Lithium batteries for vehicles have the following:
Other types, battery discharge temperature is -20 ~ 55 °C. The charging temperature is between 0 and 45 °C. If Li4Ti5O12/LTO is used as the negative electrode material, the charging temperature can reach -30 °C, usually the lithium battery is used in the voltage range of 1.5V~4.2V (where C/NCA, C/NCM, C/LMO is 2.5V~4.2V; LTO/C/LMO is 1.5V~2.7V; C/LFP is 2.0V~3.7V).
Usually at a temperature of 90 to 120 ° C, the SEI film begins to enter the exothermic decomposition (Figure 1).
Figure 1 Battery safe working area
Some electrolytes even decompose at very low temperatures; when the temperature exceeds 120 ° C, the SEI film cannot protect the carbon negative electrode from reacting with the organic electrolyte to generate gas; when the temperature exceeds 130 ° C, the separator begins to melt and cut off the battery reaction. When the temperature is higher, the cathode material begins to decompose:
When the temperature exceeds 200 ° C, the electrolyte begins to decompose to produce a combustible gas.
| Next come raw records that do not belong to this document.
lemma district_welfare_le_local:
  assumes ve: "valid_election m n k dst w v" and vt: "valid_top m n v tp"
    and lw: "valid_local_winners m n k dst tp lw" and "d < k" "j < m" "a < m" "j \<noteq> a"
  shows "district_welfare n dst v d j \<le> (if lw d = a then top_welfare n dst v tp d a else 0)
    + (3 * real (dsize n dst d) - (if lw d = a then real (dsize n dst d) else 0)
       + (if lw d = j then real (dsize n dst d) else 0)) / 4"
proof -
  note counts = local_winner_pcount[OF vt lw \<open>d < k\<close> \<open>j < m\<close>]
  consider "lw d = a" | "lw d = j" | "lw d \<noteq> a" "lw d \<noteq> j"
    by blast
  then show ?thesis
  proof cases
    case 1
    then show ?thesis
      using district_welfare_le_top_welfare[OF ve vt \<open>j < m\<close> \<open>a < m\<close> \<open>j \<noteq> a\<close>, of d]
        of_nat_mono[OF counts(1)] \<open>j \<noteq> a\<close> by (simp add: field_simps)
  next
    case 2
    then show ?thesis
      using district_welfare_le[OF ve vt \<open>j < m\<close>, of d] pcount_le_dsize[OF vt \<open>j < m\<close>, of dst d]
        \<open>j \<noteq> a\<close> by simp
  next
    case 3
    then show ?thesis
      using district_welfare_le[OF ve vt \<open>j < m\<close>, of d] counts(3) by simp
  qed
qed

definition won_size ::
  "nat \<Rightarrow> nat \<Rightarrow> (nat \<Rightarrow> nat) \<Rightarrow> (nat \<Rightarrow> nat) \<Rightarrow> nat \<Rightarrow> real" where
  "won_size n k dst lw j = (\<Sum>d<k. if lw d = j then real (dsize n dst d) else 0)"

lemma won_size_eq_sum_won:
  "won_size n k dst lw j = (\<Sum>d\<in>{d. d < k \<and> lw d = j}. real (dsize n dst d))"
proof -
  have "{d \<in> {..<k}. lw d = j} = {d. d < k \<and> lw d = j}"
    by auto
  then show ?thesis
    unfolding won_size_def by (simp flip: sum.inter_filter)
qed

lemma dsize_le_won_size:
  assumes "d < k" "lw d = j"
  shows "real (dsize n dst d) \<le> won_size n k dst lw j"
  unfolding won_size_def
  using member_le_sum[of d "{..<k}" "\<lambda>d. if lw d = j then real (dsize n dst d) else 0"] assms
  by simp

lemma won_size_add_le:
  assumes "valid_election m n k dst w v" "j \<noteq> a"
  shows "won_size n k dst lw a + won_size n k dst lw j \<le> real n"
proof -
  have "won_size n k dst lw a + won_size n k dst lw j
      = (\<Sum>d<k. (if lw d = a then real (dsize n dst d) else 0) + (if lw d = j then real (dsize n dst d) else 0))"
    unfolding won_size_def by (simp add: sum.distrib)
  also have "\<dots> \<le> (\<Sum>d<k. real (dsize n dst d))"
    by (rule sum_mono) (use assms(2) in auto)
  finally show ?thesis
    using sum_dsize[OF assms(1)] by simp
qed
The decomposed combustible gas and oxygen can undergo a violent chemical reaction and cause thermal runaway. A charging temperature of less than 0 °C causes lithium metal to deposit on the surface of the carbon negative electrode, thus reducing the cycle life of the battery. In the extreme case of low temperature, the battery negative pole can be pierced to cause a short circuit condition. If the voltage is too low or the battery is over-discharged, the phase change causes the cell lattice to collapse and affect the performance of the battery. It may even cause the anode current collecting sheet to dissolve in the electrolyte. Extreme over-discharge also leads to a reduction in electrolytes and flammable gases and thus poses a potential safety risk. High voltage and overcharge can damage the positive electrode composition and cause a large amount of heat generation. It also causes lithium metal to deposit on the surface of the negative electrode and accelerates capacity attenuation and causes internal short circuit of the battery and causes safety problems. The battery voltage starts to decompose at around 4.5V.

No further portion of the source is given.